Anyway, though I think the excitement is overdone, the linked article is perhaps worth reading if you have a minute. This is an interesting suggestion:
…what accounts for the sudden surge in the genre’s popularity? Here we need to look at another eternally popular genre, romance, which also has puzzle at its centre: where will true and lasting love come from? Is true happiness possible? Is he The One?…
Both crime and romantic fiction are driven by quests for conclusive answers and happy endings. The killer being safely locked up is as much a happy ending as marrying Mr or Ms Right. In both genres, the realism of the driving force (puzzle/need for happy resolution) combined with the not-quite-so-realistic comfort/fairytale value of the genre-prescribed ending (safety restored/happiness with a true soulmate) is what appeals.
Could be, could be! Though I think one might make way too much out of the puzzle aspect of romance, which is almost completely beside the point imo. But isn’t it true of most commercial fiction — not just the categories mentioned, but most SFF and most other genres — that we expect a reasonably satisfying resolution most of the time? Bad guys go down in flames, good guys ride off into the sunset, relationships more or less work out. Yes? Not grimdark, of course, awful endings are pretty much the whole point of grimdark, but as a general rule we expect poetic justice to be done all around and the story to have some sort of feeling of satisfying closure.

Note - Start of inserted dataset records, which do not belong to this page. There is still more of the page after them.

(* Let $f\colon M^n\to\mathbb{R}^m$ be an isometric immersion and $F\colon(-\varepsilon,\varepsilon)\times M^n\to\mathbb{R}^m$ a conformal infinitesimal variation of $f$ with conformal infinitesimal bending $\mathcal{T}=F_*\partial_t|_{t=0}$ and conformal factor $\rho$. Let $\alpha^t$ be the second fundamental form of $f_t=F(t,\cdot)$. Then $\langle\frac{\partial}{\partial t}|_{t=0}\alpha^t(X,Y),\eta\rangle=\langle\beta(X,Y)+\rho\alpha(X,Y),\eta\rangle$ for all $X,Y\in\mathfrak{X}(M)$ and all normal sections $\eta$ of $f$.
   Context: A conformal infinitesimal variation of $f$ is a smooth $F$ with $f_t=F(t,\cdot)$ immersions, $f_0=f$, and a positive $\gamma\in C^\infty((-\varepsilon,\varepsilon)\times M)$, $\gamma(0,\cdot)=1$, such that $\frac{\partial}{\partial t}|_{t=0}(\gamma\langle f_{t*}X,f_{t*}Y\rangle)=0$ for all $X,Y$. Then $\mathcal{T}$ satisfies $\langle\tilde\nabla_X\mathcal{T},f_*Y\rangle+\langle f_*X,\tilde\nabla_Y\mathcal{T}\rangle=2\rho\langle X,Y\rangle$ with conformal factor $\rho=-\frac12\partial_t\gamma(0,\cdot)$. Here $\tilde\nabla$ is the Euclidean connection, $\nabla$ the Levi-Civita connection of $M$, $\alpha$ the second fundamental form of $f$, and $\beta(X,Y)=(\tilde\nabla_X\tilde\nabla_Y\mathcal{T}-\tilde\nabla_{\nabla_XY}\mathcal{T})_{N_fM}-\rho\alpha(X,Y)$. *)

theory Defs
  imports "HOL-Analysis.Analysis"
begin

text \<open>Local (chart) setting: the manifold M^n is represented by an open set
U of real^'n (a coordinate chart); vector fields are smooth maps U -> real^'n.\<close>

primrec Ck :: "nat \<Rightarrow> 'a::real_normed_vector set \<Rightarrow> ('a \<Rightarrow> 'b::real_normed_vector) \<Rightarrow> bool" where
  "Ck 0 S f = continuous_on S f"
| "Ck (Suc k) S f = (\<exists>f'. (\<forall>x\<in>S. (f has_derivative f' x) (at x)) \<and> (\<forall>v. Ck k S (\<lambda>x. f' x v)))"

definition smooth_on :: "'a::real_normed_vector set \<Rightarrow> ('a \<Rightarrow> 'b::real_normed_vector) \<Rightarrow> bool" where
  "smooth_on S f \<longleftrightarrow> (\<forall>k. Ck k S f)"

definition dF :: "(real \<times> (real^'n) \<Rightarrow> real^'m) \<Rightarrow> real \<Rightarrow> real^'n \<Rightarrow> real^'n \<Rightarrow> real^'m" where
  "dF F t x v = frechet_derivative (\<lambda>y. F (t, y)) (at x) v"

definition nproj :: "(real \<times> (real^'n) \<Rightarrow> real^'m) \<Rightarrow> real \<Rightarrow> real^'n \<Rightarrow> real^'m \<Rightarrow> real^'m" where
  "nproj F t x w = (THE u. (\<forall>v. u \<bullet> dF F t x v = 0) \<and> w - u \<in> range (dF F t x))"

definition Dir :: "(real^'n \<Rightarrow> 'b::real_normed_vector) \<Rightarrow> (real^'n \<Rightarrow> real^'n) \<Rightarrow> real^'n \<Rightarrow> 'b" where
  "Dir V X x = frechet_derivative V (at x) (X x)"

definition sff :: "(real \<times> (real^'n) \<Rightarrow> real^'m) \<Rightarrow> real \<Rightarrow> (real^'n \<Rightarrow> real^'n) \<Rightarrow> (real^'n \<Rightarrow> real^'n) \<Rightarrow> real^'n \<Rightarrow> real^'m" where
  "sff F t X Y x = nproj F t x (Dir (\<lambda>y. dF F t y (Y y)) X x)"

definition gmet :: "(real \<times> (real^'n) \<Rightarrow> real^'m) \<Rightarrow> real^'n \<Rightarrow> real^'n \<Rightarrow> real^'n \<Rightarrow> real" where
  "gmet F x v w = dF F 0 x v \<bullet> dF F 0 x w"

text \<open>Christoffel symbols of the induced metric (Koszul formula for coordinate fields).\<close>
definition christoffel :: "(real \<times> (real^'n) \<Rightarrow> real^'m) \<Rightarrow> real^'n \<Rightarrow> real^'n \<Rightarrow> real^'n \<Rightarrow> real^'n" where
  "christoffel F x v w = (THE u. \<forall>z. gmet F x u z =
      (1/2) * (frechet_derivative (\<lambda>y. gmet F y w z) (at x) v
             + frechet_derivative (\<lambda>y. gmet F y v z) (at x) w
             - frechet_derivative (\<lambda>y. gmet F y v w) (at x) z))"

definition LC :: "(real \<times> (real^'n) \<Rightarrow> real^'m) \<Rightarrow> (real^'n \<Rightarrow> real^'n) \<Rightarrow> (real^'n \<Rightarrow> real^'n) \<Rightarrow> real^'n \<Rightarrow> real^'n" where
  "LC F X Y x = Dir Y X x + christoffel F x (X x) (Y x)"

definition bending :: "(real \<times> (real^'n) \<Rightarrow> real^'m) \<Rightarrow> real^'n \<Rightarrow> real^'m" where
  "bending F x = frechet_derivative F (at (0, x)) (1, 0)"

definition cfactor :: "(real \<times> (real^'n) \<Rightarrow> real) \<Rightarrow> real^'n \<Rightarrow> real" where
  "cfactor \<gamma> x = - (1/2) * frechet_derivative \<gamma> (at (0, x)) (1, 0)"

definition betaT :: "(real \<times> (real^'n) \<Rightarrow> real^'m) \<Rightarrow> (real \<times> (real^'n) \<Rightarrow> real) \<Rightarrow> (real^'n \<Rightarrow> real^'n) \<Rightarrow> (real^'n \<Rightarrow> real^'n) \<Rightarrow> real^'n \<Rightarrow> real^'m" where
  "betaT F \<gamma> X Y x = nproj F 0 x (Dir (Dir (bending F) Y) X x - Dir (bending F) (LC F X Y) x)
      - cfactor \<gamma> x *\<^sub>R sff F 0 X Y x"

end

(*
  Near t = 0 the second fundamental form of f_t at x is the normal part w_t - A_t c_t of
  w_t = D_X (f_t* Y), where A_t = f_t*(x) and the tangential coefficients c_t solve the Gram
  system of A_t, hence depend differentiably on t (Cramer's rule). Differentiating at t = 0 and
  pairing with a normal field eta of f kills the term A_0 c_t', leaving <w' - A' c_0, eta>.
  Because partial derivatives of F commute, w' = D_X D_Y T and A' = D T, and by the Gauss
  formula c_0 = nabla_X Y. So the derivative pairs with eta like the normal part of
  D_X D_Y T - D_(nabla_X Y) T, which is beta + rho alpha by the definition of beta.
*)
theory Submission
  imports Defs
begin

lemma Ck_cong:
  assumes "open S" "\<And>x. x \<in> S \<Longrightarrow> f x = g x" "Ck k S f"
  shows "Ck k S g"
  using assms
proof (induction k arbitrary: f g)
  case 0
  then show ?case using continuous_on_cong by fastforce
next
  case (Suc k)
  from Suc.prems(3) obtain f' where "\<forall>x\<in>S. (f has_derivative f' x) (at x)"
    and "\<forall>v. Ck k S (\<lambda>x. f' x v)" by auto
  with Suc.prems(1,2) show ?case
    by (metis Ck.simps(2) has_derivative_transform_within_open)
qed

lemma smooth_on_imp_continuous_on: "smooth_on S f \<Longrightarrow> continuous_on S f"
  unfolding smooth_on_def by (metis Ck.simps(1))

lemma smooth_on_has_derivative:
  assumes "smooth_on S f" "p \<in> S"
  shows "(f has_derivative frechet_derivative f (at p)) (at p)"
proof -
  from assms(1) have "Ck (Suc 0) S f" unfolding smooth_on_def by blast
  with assms(2) show ?thesis by (metis Ck.simps(2) frechet_derivative_at)
qed

lemma smooth_on_frechet_derivative:
  assumes "open S" "smooth_on S f"
  shows "smooth_on S (\<lambda>q. frechet_derivative f (at q) v)"
  unfolding smooth_on_def
proof
  fix k
  from assms(2) have "Ck (Suc k) S f" unfolding smooth_on_def by blast
  then obtain f' where d: "\<forall>x\<in>S. (f has_derivative f' x) (at x)"
    and c: "\<forall>v. Ck k S (\<lambda>x. f' x v)" by auto
  show "Ck k S (\<lambda>q. frechet_derivative f (at q) v)"
    by (rule Ck_cong[OF assms(1) _ c[rule_format, of v]]) (metis d frechet_derivative_at)
qed

lemma mvt_along_direction:
  fixes f :: "'a::real_normed_vector \<Rightarrow> real"
  assumes "0 < h" and line: "\<And>s. s \<in> {0..h} \<Longrightarrow> p + s *\<^sub>R a \<in> S"
    and f': "\<And>q. q \<in> S \<Longrightarrow> (f has_derivative f' q) (at q)"
  shows "\<exists>\<sigma>\<in>{0<..<h}. f (p + h *\<^sub>R a) - f p = h * f' (p + \<sigma> *\<^sub>R a) a"
proof -
  have "((\<lambda>s. f (p + s *\<^sub>R a)) has_derivative (\<lambda>u. u * f' (p + s *\<^sub>R a) a)) (at s within {0..h})"
    if "0 \<le> s" "s \<le> h" for s
  proof -
    have q: "p + s *\<^sub>R a \<in> S" using line that by simp
    have "((\<lambda>s. f (p + s *\<^sub>R a)) has_derivative (\<lambda>u. f' (p + s *\<^sub>R a) (u *\<^sub>R a))) (at s within {0..h})"
      by (rule has_derivative_compose[where f = "\<lambda>s. p + s *\<^sub>R a" and g = f, OF _ f'[OF q]])
         (auto intro!: derivative_eq_intros)
    then show ?thesis
      using linear_scale[OF has_derivative_linear[OF f'[OF q]]] by (simp add: mult.commute)
  qed
  from mvt_simple[OF \<open>0 < h\<close> this] show ?thesis by (auto simp: mult.commute)
qed

lemma second_difference_mvt:
  fixes f :: "'a::real_normed_vector \<Rightarrow> real"
  assumes "0 < h"
    and square: "\<And>s t. s \<in> {0..h} \<Longrightarrow> t \<in> {0..h} \<Longrightarrow> p + s *\<^sub>R a + t *\<^sub>R b \<in> S"
    and f': "\<And>q. q \<in> S \<Longrightarrow> (f has_derivative f' q) (at q)"
    and fa: "\<And>q. q \<in> S \<Longrightarrow> ((\<lambda>q. f' q a) has_derivative fa q) (at q)"
  shows "\<exists>\<sigma>\<in>{0<..<h}. \<exists>\<tau>\<in>{0<..<h}.
    f (p + h *\<^sub>R a + h *\<^sub>R b) - f (p + h *\<^sub>R a) - f (p + h *\<^sub>R b) + f p
      = h * h * fa (p + \<sigma> *\<^sub>R a + \<tau> *\<^sub>R b) b"
proof -
  let ?S' = "{q. q \<in> S \<and> q + h *\<^sub>R b \<in> S}"
  have "((\<lambda>q. f (q + h *\<^sub>R b) - f q) has_derivative (\<lambda>v. f' (q + h *\<^sub>R b) v - f' q v)) (at q)"
    if "q \<in> ?S'" for q
    using that by (auto intro!: derivative_eq_intros f' has_derivative_compose[where g = f])
  moreover have "p + s *\<^sub>R a \<in> ?S'" if "s \<in> {0..h}" for s
    using square[OF that, of 0] square[OF that, of h] \<open>0 < h\<close> by simp
  ultimately obtain \<sigma> where \<sigma>: "\<sigma> \<in> {0<..<h}" and
    g: "f (p + h *\<^sub>R a + h *\<^sub>R b) - f (p + h *\<^sub>R a) - (f (p + h *\<^sub>R b) - f p)
      = h * (f' (p + \<sigma> *\<^sub>R a + h *\<^sub>R b) a - f' (p + \<sigma> *\<^sub>R a) a)"
    using mvt_along_direction[OF \<open>0 < h\<close>, of p a ?S' "\<lambda>q. f (q + h *\<^sub>R b) - f q"
        "\<lambda>q v. f' (q + h *\<^sub>R b) v - f' q v"] by auto
  have "p + \<sigma> *\<^sub>R a + t *\<^sub>R b \<in> S" if "t \<in> {0..h}" for t
    using square[OF _ that, of \<sigma>] \<sigma> by simp
  then obtain \<tau> where \<tau>: "\<tau> \<in> {0<..<h}" and
    "f' (p + \<sigma> *\<^sub>R a + h *\<^sub>R b) a - f' (p + \<sigma> *\<^sub>R a) a = h * fa (p + \<sigma> *\<^sub>R a + \<tau> *\<^sub>R b) b"
    using mvt_along_direction[OF \<open>0 < h\<close>, of "p + \<sigma> *\<^sub>R a" b S "\<lambda>q. f' q a" fa] fa by blast
  with g have "f (p + h *\<^sub>R a + h *\<^sub>R b) - f (p + h *\<^sub>R a) - f (p + h *\<^sub>R b) + f p
      = h * h * fa (p + \<sigma> *\<^sub>R a + \<tau> *\<^sub>R b) b"
    by (simp add: algebra_simps)
  with \<sigma> \<tau> show ?thesis by blast
qed

lemma small_square_near:
  fixes a b p :: "'a::real_normed_vector"
  assumes "r > 0"
  obtains h where "h > 0"
    "\<And>s t. s \<in> {0..h} \<Longrightarrow> t \<in> {0..h} \<Longrightarrow> dist (p + s *\<^sub>R a + t *\<^sub>R b) p < r"
proof
  define c where "c = norm a + norm b + 1"
  have "c > 0" unfolding c_def using norm_ge_zero[of a] norm_ge_zero[of b] by linarith
  define h where "h = r / (2 * c)"
  show "h > 0" using \<open>r > 0\<close> \<open>c > 0\<close> by (simp add: h_def)
  have "h * (norm a + norm b) < h * c" using \<open>h > 0\<close> by (simp add: c_def)
  moreover have "h * c = r / 2" using \<open>c > 0\<close> by (simp add: h_def)
  ultimately have "h * (norm a + norm b) < r" using \<open>r > 0\<close> by linarith
  fix s t assume "s \<in> {0..h}" "t \<in> {0..h}"
  then have "dist (p + s *\<^sub>R a + t *\<^sub>R b) p \<le> s * norm a + t * norm b"
    using norm_triangle_ineq[of "s *\<^sub>R a" "t *\<^sub>R b"] by (simp add: dist_norm add.assoc)
  also have "\<dots> \<le> h * norm a + h * norm b"
    using \<open>s \<in> {0..h}\<close> \<open>t \<in> {0..h}\<close> by (intro add_mono mult_right_mono) auto
  finally show "dist (p + s *\<^sub>R a + t *\<^sub>R b) p < r"
    using \<open>h * (norm a + norm b) < r\<close> by (simp add: distrib_left)
qed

Well, that’s two points, not one, so this is not a very cohesive post. Nevertheless: I doubt mysteries and crime are really outpacing romance (even though both this article and the linked survey indicate they are.) I doubt this because of numbers like these: Romance earned $1.44 billion in 2017, whereas mystery/crime clocked in at $728 million. I’d like to know where those numbers came from, but nevertheless, I look at that and think: Sales numbers are collected in iffy ways, but Romance is going to be on top of sales for a long time to come.